Tackling challenges one by one
Unpredictable traffic
To absorb traffic spikes, we needed to optimize database queries, improve hot paths, and adopt a queue-driven architecture.
Optimizing database queries
We noticed our database queries grew exponentially with traffic. This stemmed from our queues receiving data in the following format (for example, our broadcast queue):
{
"transactionId": "0001-2345-4953-1029"
}
Before broadcasting, the queue processor had to look up the transaction in the database.

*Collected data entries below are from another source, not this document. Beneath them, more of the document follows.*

lemma eventually_killed_vir_submodule:
  assumes vm: "vir_module sc d cc"
  shows "vir_submodule sc d cc {u. \<exists>M. \<forall>k\<ge>M. d k u = 0}"
proof -
  have vs: "vector_space sc" and lin: "\<And>k. Vector_Spaces.linear sc sc (d k)"
    and linc: "Vector_Spaces.linear sc sc cc" and ccd: "\<And>i u. cc (d i u) = d i (cc u)"
    using vm by (auto simp: vir_module_def)
  interpret V: vector_space sc by (rule vs)
  let ?S = "{u. \<exists>M. \<forall>k\<ge>M. d k u = 0}"
  have "V.subspace ?S"
  proof (rule V.subspaceI)
    show "0 \<in> ?S" by (auto simp: linear_map_zero[OF lin])
  next
    fix x y assume "x \<in> ?S" "y \<in> ?S"
    then obtain Mx My where "\<forall>k\<ge>Mx. d k x = 0" "\<forall>k\<ge>My. d k y = 0" by blast
    then show "x + y \<in> ?S" by (intro CollectI exI[of _ "max Mx My"]) (auto simp: linear_map_add[OF lin])
  next
    fix c x assume "x \<in> ?S"
    then obtain Mx where "\<forall>k\<ge>Mx. d k x = 0" by blast
    then show "sc c x \<in> ?S" by (intro CollectI exI[of _ Mx]) (auto simp: linear_map_scale[OF lin])
  qed
  moreover have "d j u \<in> ?S" if "u \<in> ?S" for j u
  proof -
    obtain M where M: "\<forall>k\<ge>M. d k u = 0" using \<open>u \<in> ?S\<close> by blast
    have "d k (d j u) = 0" if "k \<ge> max M (max (M - j) (\<bar>j\<bar> + 1))" for k
    proof -
      have "k + j \<noteq> 0" "k \<ge> M" "k + j \<ge> M" using that by auto
      then show ?thesis
        using M vir_module_bracket[OF vm \<open>k + j \<noteq> 0\<close>, of u] by (simp add: linear_map_zero[OF lin])
    qed
    then show ?thesis by blast
  qed
  moreover have "cc u \<in> ?S" if "u \<in> ?S" for u
  proof -
    obtain M where "\<forall>k\<ge>M. d k u = 0" using \<open>u \<in> ?S\<close> by blast
    then have "\<forall>k\<ge>M. d k (cc u) = 0" by (simp add: ccd[symmetric] linear_map_zero[OF linc])
    then show ?thesis by blast
  qed
  ultimately show ?thesis by (simp add: vir_submodule_def)
qed

theorem irreducible_vir_restricted:
  fixes sc :: "complex \<Rightarrow> 'v::ab_group_add \<Rightarrow> 'v" and d :: "int \<Rightarrow> 'v \<Rightarrow> 'v"
  assumes irr: "irreducible_vir sc d cc" and lf: "\<exists>N::int. \<forall>k\<ge>N. locally_finite_op sc (d k)"
  shows "\<exists>M. \<forall>k\<ge>M. d k u = 0"
proof -
  have vm: "vir_module sc d cc" using irr by (simp add: irreducible_vir_def)
  then have vs: "vector_space sc" and lin: "\<And>k. Vector_Spaces.linear sc sc (d k)"
    by (auto simp: vir_module_def)
  obtain N where N: "\<forall>k\<ge>N. locally_finite_op sc (d k)" using lf by blast
  define n where "n = max N 1"
  have n1: "n \<ge> 1" and lfn: "locally_finite_op sc (d n)" using N by (auto simp: n_def)
  have "UNIV \<noteq> {0::'v}" using irr by (simp add: irreducible_vir_def)
  then obtain u0 :: 'v where "u0 \<noteq> 0" by blast
  then obtain \<mu> v where v: "v \<noteq> 0" "d n v = sc \<mu> v"
    using locally_finite_imp_eigenvector[OF vs lin lfn] by metis
  let ?S = "{u. \<exists>M. \<forall>k\<ge>M. d k u = 0}"
  have "v \<in> ?S"
    using eigenvector_eventually_killed[OF vs lin vir_module_bracket[OF vm] n1 lfn v(2)] by blast
  with v(1) have "?S \<noteq> {0}" by blast
  with irr eventually_killed_vir_submodule[OF vm] have "?S = UNIV"
    unfolding irreducible_vir_def by blast
  then show ?thesis by blast
qed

We refactored the queue processors to use a more efficient data structure, guided by one rule: all the data needed to process the queue should be in the message.
{
"transaction": "0x02....",
"blockNumber": 17000000,
"options": {
// broadcast options
"maxTimestamp": 17000000,
// etc ...
}
}
This allowed the queue to function even if the database was down. It also drastically reduced the number of database queries. After applying this principle to all our queues (20+), we reduced database load by about 70%.
Hot paths
We optimized our hot paths to be queue-driven rather than database-driven, letting us continue partial operations (receiving and broadcasting transactions) even if the database is down or at max capacity. We achieved this by passing all required data in the queue message and consolidating writes to the database in a single queue.
Data production
We are fortunate that our data is temporary: once a transaction is mined or expires, it is no longer needed. This means we can optimize our database heavily. We automatically ETL our production data into Snowflake and delete transactions older than seven days from our production database. This keeps indexes light and inserts fast.
Thanks to Snowflake, we can easily scale our data storage and compute to handle the data production and queries for our reports and dashboards.
Database scaling
PostgreSQL is a great database, but it’s not the best at large-scale out of the box. While PostgreSQL might be faster at a smaller scale, we want consistency over speed for a database used by thousands of users.
Fortunately, distributed SQL was invented about a decade ago and has matured enough for production use. We are now using CockroachDB to scale our database, and it has been a game-changer.